Власти решили с ним не нянчиться: неисправим — зубодробительные проработки в писательском союзе и партийной организации были сочтены недостаточными, им стали заниматься все видящие и до всего докапывающиеся органы государственной безопасности. Девять хорошо знающих свое дело сотрудников сорок два часа проводили у него обыск, цель которого, как было написано в ордере, «обнаружение литературы антисоветского и клеветнического содержания» — в протоколе на 60 страницах было 100 пунктов, изъяли книги, журналы, рукописи… После этого в течение недели каждодневные допросы у следователей по особо важным делам, на которых Некрасову дали понять, что если он не «исправится» или не уедет на Запад, ему придется отбыть в «места не столь отдаленные» и заниматься в мало подходящих климатических условиях отнюдь не писательским трудом.
Так Некрасова вытолкнули в эмиграцию. Но и там наши власти его не оставляли в покое: когда в одной из радиопередач он иронически отозвался о «трилогии» Л. И. Брежнева (главным образом о «Малой земле»), его лишили советского гражданства. (Указ подписан 24 апреля 1974 года). Но еще до того циркуляром Главлита было запрещено упоминать в печати его фамилию и название его произведений, они вычеркивались даже из библиографических справочников. Книги Некрасова были изъяты из библиотек и большей частью уничтожены. Когда в 1975 году в Минске на Всесоюзном совещании, посвященном тридцатилетию Победы, Василь Быков в числе лучших произведений о Великой Отечественной войне назвал «В окопах Сталинграда», у него начались серьезные неприятности, от него требовали покаянных объяснений.
Целое поколение читателей четверть века не имело доступа к книгам Некрасова — и созданным до эмиграции, широко известным, прославленным, как «В окопах Сталинграда», а уж о тех, что он написал в Париже, и думать нельзя было. И даже после кончины Некрасова 3 сентября 1987 года цековские вершители судеб продолжали его преследовать, видимо, считая, что приговор, вынесенный писателю в 1974 году, не имеет срока давности и ни при каких обстоятельствах не может быть отменен. А ведь шли уже первые «перестроечные» годы. По указанию Е. К. Лигачева, тогда второго человека в партийной иерархии, в «Литературной газете» был снят некролог, написанный Василем Быковым. А напечатанный, несмотря на это в «Московских новостях» короткий некролог, в сущности сообщение, был расценен (о чем рассказывает в своей книге «Омут памяти» А. Н. Яковлев) Лигачевым на заседании Политбюро как антисоветская выходка. Тут, наверное, было бы справедливо вспомнить, что Некрасов был не только автором одной из самых лучших книг о войне, но и участником Сталинградской битвы, в то время как Лигачев доблестно защищал родину в Новосибирске на трудной комсомольской работе.

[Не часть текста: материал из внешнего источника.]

lemma tens_act_pos:
  assumes t: "t \<in> tens N k" and i: "i \<in> idx N"
  shows "act_pos p i j t \<in> tens N k"
  unfolding tens_def mem_Collect_eq
proof (intro allI impI)
  fix xs
  assume "act_pos p i j t xs \<noteq> 0"
  then have p: "p < length xs" "xs ! p = i" and "t (xs[p := j]) \<noteq> 0"
    by (auto simp: act_pos_def split: if_splits)
  with t have "length (xs[p := j]) = k" "set (xs[p := j]) \<subseteq> idx N"
    by (auto simp: tens_def)
  moreover have "xs = xs[p := j, p := i]"
    using p by (metis list_update_id list_update_overwrite)
  ultimately show "length xs = k \<and> set xs \<subseteq> idx N"
    using i by (metis length_list_update set_update_subsetI)
qed

lemma gl_act_tens: "t \<in> tens N k \<Longrightarrow> a \<in> idx N \<Longrightarrow> gl_act m a b t \<in> tens N k"
  unfolding gl_act_def by (intro tens_sum tens_act_pos)

lemma Eop_tens: "t \<in> tens N (Suc m) \<Longrightarrow> Eop N m v t \<in> tens N (Suc m)"
  unfolding Eop_def by (intro tens_add tens_scale tens_sum tens_act_pos gl_act_tens)

lemma Etop_tens: "t \<in> tens N (Suc m) \<Longrightarrow> Etop G N m v t \<in> tens N (Suc m)"
  unfolding Etop_def by (intro tens_add tens_scale tens_sum tens_act_pos gl_act_tens) simp_all

lemma Fop_tens: "t \<in> tens N (Suc m) \<Longrightarrow> Fop G N m v t \<in> tens N (Suc m)"
  unfolding Fop_def g_act_def
  by (intro tens_add tens_diff tens_scale tens_sum tens_act_pos gl_act_tens) simp_all

lemma Sop_tens: "t \<in> tens N (Suc m) \<Longrightarrow> Sop G N m v t \<in> tens N (Suc m)"
  unfolding Sop_def by (intro tens_divide Etop_tens Eop_tens)

abbreviation slice :: "(int list \<Rightarrow> complex) \<Rightarrow> int \<Rightarrow> int list \<Rightarrow> complex" where
  "slice t i \<equiv> \<lambda>ys. t (i # ys)"

lemma slice_tens:
  assumes "t \<in> tens N (Suc k)"
  shows "slice t i \<in> tens N k"
  unfolding tens_def mem_Collect_eq
proof (intro allI impI)
  fix ys
  assume "t (i # ys) \<noteq> 0"
  with assms have "length (i # ys) = Suc k \<and> set (i # ys) \<subseteq> idx N"
    unfolding tens_def by blast
  then show "length ys = k \<and> set ys \<subseteq> idx N"
    by simp
qed

lemma mem_CNV_iff:
  "t \<in> CNV G N m \<longleftrightarrow> t \<in> tens N (Suc m) \<and> (\<forall>i\<in>idx N. traceless G N m (slice t i))"
  by (auto simp: CNV_def Vsp_def slice_tens)

definition gl_tensor_act :: "nat \<Rightarrow> int \<Rightarrow> int \<Rightarrow> (int list \<Rightarrow> complex) \<Rightarrow> int list \<Rightarrow> complex" where
  "gl_tensor_act m a b s = (\<lambda>zs. \<Sum>p<m. act_pos p a b s zs)"

definition g_tensor_act :: "grp \<Rightarrow> nat \<Rightarrow> int \<Rightarrow> int \<Rightarrow> (int list \<Rightarrow> complex) \<Rightarrow> int list \<Rightarrow> complex" where
  "g_tensor_act G m a b s =
     (\<lambda>zs. gl_tensor_act m a b s zs - eps G a b * gl_tensor_act m (- b) (- a) s zs)"

lemma act_pos_0_Cons: "act_pos 0 i j f (x # zs) = (if x = i then f (j # zs) else 0)"
  by (simp add: act_pos_def)

lemma act_pos_Suc_Cons: "act_pos (Suc p) a b t (x # zs) = act_pos p a b (slice t x) zs"
  by (simp add: act_pos_def)

lemma gl_act_Cons: "gl_act m a b t (x # zs) = gl_tensor_act m a b (slice t x) zs"
  by (simp add: gl_act_def gl_tensor_act_def sum.atLeast1_atMost_eq act_pos_Suc_Cons)

lemma g_act_Cons: "g_act G m a b t (x # zs) = g_tensor_act G m a b (slice t x) zs"
  by (simp add: g_act_def g_tensor_act_def gl_act_Cons)

lemma sum_act_pos_0_Cons:
  assumes "x \<in> idx N"
  shows "(\<Sum>i\<in>idx N. \<Sum>j\<in>idx N. c i j * act_pos 0 i j (f i j) (x # zs))
    = (\<Sum>j\<in>idx N. c x j * f x j (j # zs))"
  using assms by (simp add: act_pos_0_Cons if_distrib sum.If_cases)

(* The values of P t and Q t at x # zs. *)
definition perm_sum :: "nat \<Rightarrow> (int list \<Rightarrow> complex) \<Rightarrow> int \<Rightarrow> int list \<Rightarrow> complex" where
  "perm_sum m t x zs = (\<Sum>p<m. t (zs ! p # zs[p := x]))"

Фраза булгаковского Воланда «рукописи не горят» приобрела для интеллигенции в те годы знаковый характер. Одни хотели видеть в ней торжество, пусть и запоздалое, исторической справедливости: стали медленно и с трудом, но все же печататься кое-какие хранившиеся в архивах документы. Другие отвергали ее как прекраснодушную: о чем вы толкуете, где рукописи Исаака Бабеля и Михаила Кольцова, романа «Жизнь и судьба» Василия Гроссмана?
Когда в «перестройку» была ликвидирована цензура и начали выходить в свет произведения старых и новых эмигрантов, мы, кому когда-то Некрасов давал читать рассказ «Король в Нью-Йорке», стали искать его рукопись. Рукописи ни у кого из его близких друзей не было: ни у Аси Берзер, его постоянного редактора в «Новом мире», ни у Лунгиных, квартира которых в Москве была его всегдашним местом жительства в столице, ни у киевлян — писателя Михаила Пархомова и Григория Кипниса, руководившего корреспондентским пунктом московской «Литературной газеты».
Как в воду она канула — мы решили: кажется, правы те, кто скептически относился к формуле Воланда. Наверное, рукопись изъяли проводившие у Некрасова дотошный обыск или перед отъездом из страны он сам ее уничтожил, опасаясь хорошо отработанного таможенного «шмона».
Кипнис даже обратился в КГБ (после крутого перелома нашей жизни некоторые либеральные веяния докатились и до этого чуждого открытости ведомства), ему выдали изъятый при обыске у Некрасова очерк об Иване Дзюбе (он был напечатан в Киеве и в Москве в «Вопросах литературы»), но рукописи «Короля» у них не было.